lemma orbit_leaves_stage:
  assumes "orbit_independent T e"
  shows "\<exists>j\<le>card (gens n). dual_iter T j e \<notin> stage n"
proof (rule ccontr)
  let ?a = "card (gens n)"
  assume "\<not> ?thesis"
  then have "(\<lambda>j. dual_iter T j e) ` {..?a} \<subseteq> fun_space.span (gens n)"
    by (auto simp: stage_def)
  then have "card ((\<lambda>j. dual_iter T j e) ` {..?a}) \<le> ?a"
    using fun_space.independent_span_bound[OF finite_gens] assms
    by (auto simp: orbit_independent_def)
  moreover have "card ((\<lambda>j. dual_iter T j e) ` {..?a}) = Suc ?a"
    using assms by (simp add: orbit_independent_def card_image)
  ultimately show False by simp
qed

lemma dual_poly_in_base_imp_zero:
  assumes orbit: "\<And>e. e \<in> base \<Longrightarrow> e \<noteq> 0 \<Longrightarrow> orbit_independent T e"
  shows "\<exists>k. \<forall>p e. p \<noteq> 0 \<longrightarrow> degree p \<ge> k \<longrightarrow> e \<in> base \<longrightarrow> dual_poly p T e \<in> base \<longrightarrow> e = 0"
proof -
  obtain n0 where n0: "\<And>n. n \<ge> n0 \<Longrightarrow> absorbed n = absorbed n0"
    using absorbed_stabilises by blast
  let ?a = "card (gens n0)"
  have "e = 0" if p: "p \<noteq> 0" "degree p \<ge> 2 * ?a + 1" and e: "e \<in> base"
    and image: "dual_poly p T e \<in> base" for p e
  proof (rule ccontr)
    assume "e \<noteq> 0"
    define d where "d = degree p"
    define summand where "summand i = fun_scale (coeff p i) (dual_iter T i e)" for i
    obtain j where j: "j \<le> ?a" "dual_iter T j e \<notin> stage n0"
      using orbit_leaves_stage[OF orbit[OF e \<open>e \<noteq> 0\<close>]] by blast
    define v where "v = dual_iter T j e"
    obtain n where n: "n0 \<le> n" "v \<in> stage (Suc n)" "v \<notin> stage n"
      using exact_level_exists[of v "Suc j" n0] dual_iter_base[OF e] j by (auto simp: v_def)
    let ?S = "stage (n + (d - j))"
    have split: "dual_poly p T e = (\<Sum>i<j. summand i) + (\<Sum>l\<le>d - j. summand (l + j))"
    proof -
      have "{..d} = {..<j} \<union> {j..d}" using j p by (auto simp: d_def)
      have "dual_poly p T e = (\<Sum>i\<le>d. summand i)"
        by (simp add: dual_poly_eq_sum d_def summand_def)
      also have "\<dots> = (\<Sum>i<j. summand i) + (\<Sum>i=j..d. summand i)"
        using \<open>{..d} = {..<j} \<union> {j..d}\<close> by (subst sum.union_disjoint[symmetric]) auto
      also have "(\<Sum>i=j..d. summand i) = (\<Sum>l\<le>d - j. summand (l + j))"
        using sum.shift_bounds_cl_nat_ivl[of summand 0 j "d - j"] j p
        by (simp add: d_def atMost_atLeast0)
      finally show ?thesis .
    qed
    have lower: "(\<Sum>i<j. summand i) \<in> ?S"
      unfolding summand_def
    proof (intro fun_space.subspace_sum[OF subspace_stage] fun_space.subspace_scale[OF subspace_stage])
      fix i assume "i \<in> {..<j}"
      then have "Suc i \<le> n + (d - j)" using j p by (simp add: d_def)
      then show "dual_iter T i e \<in> ?S"
        using dual_iter_base[OF e, of i] stage_mono by blast
    qed
    have whole: "dual_poly p T e \<in> ?S"
      using image base_subset_stage[of "n + (d - j)"] j p by (simp add: d_def subset_iff)
    have "coeff p (d - j + j) \<noteq> 0"
      using j p by (simp add: d_def)
    then have outside: "(\<Sum>l\<le>d - j. fun_scale (coeff p (l + j)) (dual_iter T l v)) \<notin> ?S"
      using exact_level_sum[OF n0 n, of "\<lambda>l. coeff p (l + j)" "d - j"] by blast
    have "(\<Sum>l\<le>d - j. summand (l + j)) \<in> ?S"
      using fun_space.subspace_diff[OF subspace_stage whole lower] split by simp
    moreover have "(\<Sum>l\<le>d - j. summand (l + j)) =
        (\<Sum>l\<le>d - j. fun_scale (coeff p (l + j)) (dual_iter T l v))"
      by (simp add: summand_def v_def dual_iter_dual_iter)
    ultimately show False using outside by argo
  qed
  then show ?thesis by blast
qed

end

section \<open>Prescribing the values of finitely many linear functionals\<close>

definition respects_relations :: "('i \<Rightarrow> 'v \<Rightarrow> 'k::field) \<Rightarrow> 'i set \<Rightarrow> ('i \<Rightarrow> 'k) \<Rightarrow> bool" where
  "respects_relations \<phi> I c \<longleftrightarrow>
     (\<forall>a. (\<forall>x. (\<Sum>i\<in>I. a i * \<phi> i x) = 0) \<longrightarrow> (\<Sum>i\<in>I. a i * c i) = 0)"

lemma respects_relations_vanishing:
  fixes \<phi> :: "'i \<Rightarrow> 'v \<Rightarrow> 'k::field"
  assumes "respects_relations \<phi> I c" "finite I" "j \<in> I" "\<And>x. \<phi> j x = 0"
  shows "c j = 0"
proof -
  let ?a = "\<lambda>i. if i = j then 1 else 0"
  have "(\<Sum>i\<in>I. ?a i * f i) = (\<Sum>i\<in>I. if i = j then f i else 0)" for f :: "_ \<Rightarrow> 'k"
    by (intro sum.cong) auto
  then have delta: "(\<Sum>i\<in>I. ?a i * f i) = f j" for f :: "_ \<Rightarrow> 'k"
    using assms(2,3) by simp
  have "\<forall>x. (\<Sum>i\<in>I. ?a i * \<phi> i x) = 0"
    using assms(4) by (simp add: delta)
  then have "(\<Sum>i\<in>I. ?a i * c i) = 0"
    using spec[OF assms(1)[unfolded respects_relations_def], of ?a] by blast
  then show ?thesis
    by (simp only: delta)
qed

lemma respects_relations_eliminate:
  fixes \<phi> :: "'i \<Rightarrow> 'v \<Rightarrow> 'k::field"
  assumes "respects_relations \<phi> (insert j I) c" "finite I" "j \<notin> I"
  shows "respects_relations (\<lambda>i x. \<phi> i x - \<alpha> i * \<phi> j x) I (\<lambda>i. c i - \<alpha> i * c j)"
  unfolding respects_relations_def
proof (intro allI impI)
  fix a assume rel: "\<forall>x. (\<Sum>i\<in>I. a i * (\<phi> i x - \<alpha> i * \<phi> j x)) = 0"
  define s where "s = (\<Sum>i\<in>I. a i * \<alpha> i)"
  define a' where "a' = a(j := - s)"
  have a'_on_I: "(\<Sum>i\<in>I. a' i * f i) = (\<Sum>i\<in>I. a i * f i)" for f :: "_ \<Rightarrow> 'k"
    using assms(3) unfolding a'_def by (intro sum.cong) auto
  have expand: "(\<Sum>i\<in>I. a i * (f i - \<alpha> i * f j)) = (\<Sum>i\<in>insert j I. a' i * f i)" for f :: "_ \<Rightarrow> 'k"
    using assms(2,3) a'_on_I[of f]
    by (simp add: a'_def s_def algebra_simps sum_subtractf sum_distrib_left sum_distrib_right)
  have "\<forall>x. (\<Sum>i\<in>insert j I. a' i * \<phi> i x) = 0"
    using rel expand[of "\<lambda>i. \<phi> i _"] by metis
  then have "(\<Sum>i\<in>insert j I. a' i * c i) = 0"
    using spec[OF assms(1)[unfolded respects_relations_def], of a'] by blast
  then show "(\<Sum>i\<in>I. a i * (c i - \<alpha> i * c j)) = 0"
    using expand[of c] by simp
qed
lemma xt_info_summable:
  assumes p: "is_joint_pmf p" and pos: "\<forall>x. marg_x p x > 0" and w: "is_channel w"
  shows "xt_info p w summable_on UNIV"
proof (rule summable_on_comparison_test)
  have "((\<lambda>t. \<Sum>x\<in>UNIV. marg_x p x * log 2 (1 / marg_x p x) * w x t)
      has_sum (\<Sum>x\<in>UNIV. marg_x p x * log 2 (1 / marg_x p x) * 1)) UNIV"
    using w by (intro has_sum_sum has_sum_cmult_right) (auto simp: is_channel_def)
  then show "(\<lambda>t. \<Sum>x\<in>UNIV. marg_x p x * w x t * log 2 (1 / marg_x p x)) summable_on UNIV"
    by (auto simp: summable_on_def mult_ac)
qed (use xt_info_le_entropy[OF pos w] xt_info_nonneg[OF p pos w] in auto)

lemma xt_info_proj_channel_diff:
  assumes pos: "\<forall>x. marg_x p x > 0" and q: "is_channel q"
  shows "xt_info p q t - xt_info p (proj_channel p q) t
       = (\<Sum>x\<in>UNIV. kl_term (marg_x p x * q x t) (marg_x p x * proj_channel p q x t))"
proof -
  define P where "P = marg_x p"
  define u where "u x = q x t" for x
  define v where "v x = proj_channel p q x t" for x
  define R where "R = out_marg p q t"
  define f where "f x = (if v x = 0 then 0 else log 2 (v x / R))" for x
  have P: "0 < P x" for x
    using pos by (simp add: P_def)
  have "xt_info p (proj_channel p q) t = (\<Sum>x\<in>UNIV. P x * v x * f x)"
    unfolding xt_info_def out_marg_proj_channel[OF pos] R_def[symmetric]
    using P by (intro sum.cong refl) (simp add: kl_term_def P_def v_def f_def)
  also have "\<dots> = (\<Sum>x\<in>UNIV. P x * u x * f x)"
    \<comment> \<open>\<open>f\<close> is constant on classes because \<open>v\<close> is.\<close>
    unfolding P_def u_def v_def
    by (rule sum_proj_channel[OF pos]) (simp add: f_def v_def proj_channel_cong[of p _ _ q t])
  finally have "xt_info p q t - xt_info p (proj_channel p q) t
      = (\<Sum>x\<in>UNIV. kl_term (P x * u x) (P x * R) - P x * u x * f x)"
    by (simp add: xt_info_def P_def u_def R_def sum_subtractf)
  also have "\<dots> = (\<Sum>x\<in>UNIV. kl_term (P x * u x) (P x * v x))"
  proof (intro sum.cong refl)
    fix x
    show "kl_term (P x * u x) (P x * R) - P x * u x * f x = kl_term (P x * u x) (P x * v x)"
    proof (cases "u x = 0")
      case False
      then have "0 < u x"
        using q by (simp add: u_def is_channel_def less_le)
      then have "0 < v x"
        using proj_channel_pos[OF pos q] by (simp add: u_def v_def)
      have "0 < P x * u x"
        using P[of x] \<open>0 < u x\<close> by simp
      also have "\<dots> \<le> R"
        using joint_le_out_marg[OF pos q] by (simp add: R_def P_def u_def)
      finally have "0 < R" .
      then show ?thesis
        using P[of x] \<open>0 < u x\<close> \<open>0 < v x\<close>
        by (simp add: kl_term_def f_def log_divide right_diff_distrib)
    qed (simp add: kl_term_def)
  qed
  finally show ?thesis
    by (simp add: P_def u_def v_def)
qed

▶ [Problem details]: From the entries above, restate word for word the lines from the line containing "e = (\<Sum>i\<le>d." to the line containing "I c \<longleftrightarrow>", both ends included, and nothing more.

▶ [Solution to the exercise]:
      have "dual_poly p T e = (\<Sum>i\<le>d. summand i)"
        by (simp add: dual_poly_eq_sum d_def summand_def)
      also have "\<dots> = (\<Sum>i<j. summand i) + (\<Sum>i=j..d. summand i)"
        using \<open>{..d} = {..<j} \<union> {j..d}\<close> by (subst sum.union_disjoint[symmetric]) auto
      also have "(\<Sum>i=j..d. summand i) = (\<Sum>l\<le>d - j. summand (l + j))"
        using sum.shift_bounds_cl_nat_ivl[of summand 0 j "d - j"] j p
        by (simp add: d_def atMost_atLeast0)
      finally show ?thesis .
    qed
    have lower: "(\<Sum>i<j. summand i) \<in> ?S"
      unfolding summand_def
    proof (intro fun_space.subspace_sum[OF subspace_stage] fun_space.subspace_scale[OF subspace_stage])
      fix i assume "i \<in> {..<j}"
      then have "Suc i \<le> n + (d - j)" using j p by (simp add: d_def)
      then show "dual_iter T i e \<in> ?S"
        using dual_iter_base[OF e, of i] stage_mono by blast
    qed
    have whole: "dual_poly p T e \<in> ?S"
      using image base_subset_stage[of "n + (d - j)"] j p by (simp add: d_def subset_iff)
    have "coeff p (d - j + j) \<noteq> 0"
      using j p by (simp add: d_def)
    then have outside: "(\<Sum>l\<le>d - j. fun_scale (coeff p (l + j)) (dual_iter T l v)) \<notin> ?S"
      using exact_level_sum[OF n0 n, of "\<lambda>l. coeff p (l + j)" "d - j"] by blast
    have "(\<Sum>l\<le>d - j. summand (l + j)) \<in> ?S"
      using fun_space.subspace_diff[OF subspace_stage whole lower] split by simp
    moreover have "(\<Sum>l\<le>d - j. summand (l + j)) =
        (\<Sum>l\<le>d - j. fun_scale (coeff p (l + j)) (dual_iter T l v))"
      by (simp add: summand_def v_def dual_iter_dual_iter)
    ultimately show False using outside by argo
  qed
  then show ?thesis by blast
qed

end

section \<open>Prescribing the values of finitely many linear functionals\<close>

definition respects_relations :: "('i \<Rightarrow> 'v \<Rightarrow> 'k::field) \<Rightarrow> 'i set \<Rightarrow> ('i \<Rightarrow> 'k) \<Rightarrow> bool" where
  "respects_relations \<phi> I c \<longleftrightarrow>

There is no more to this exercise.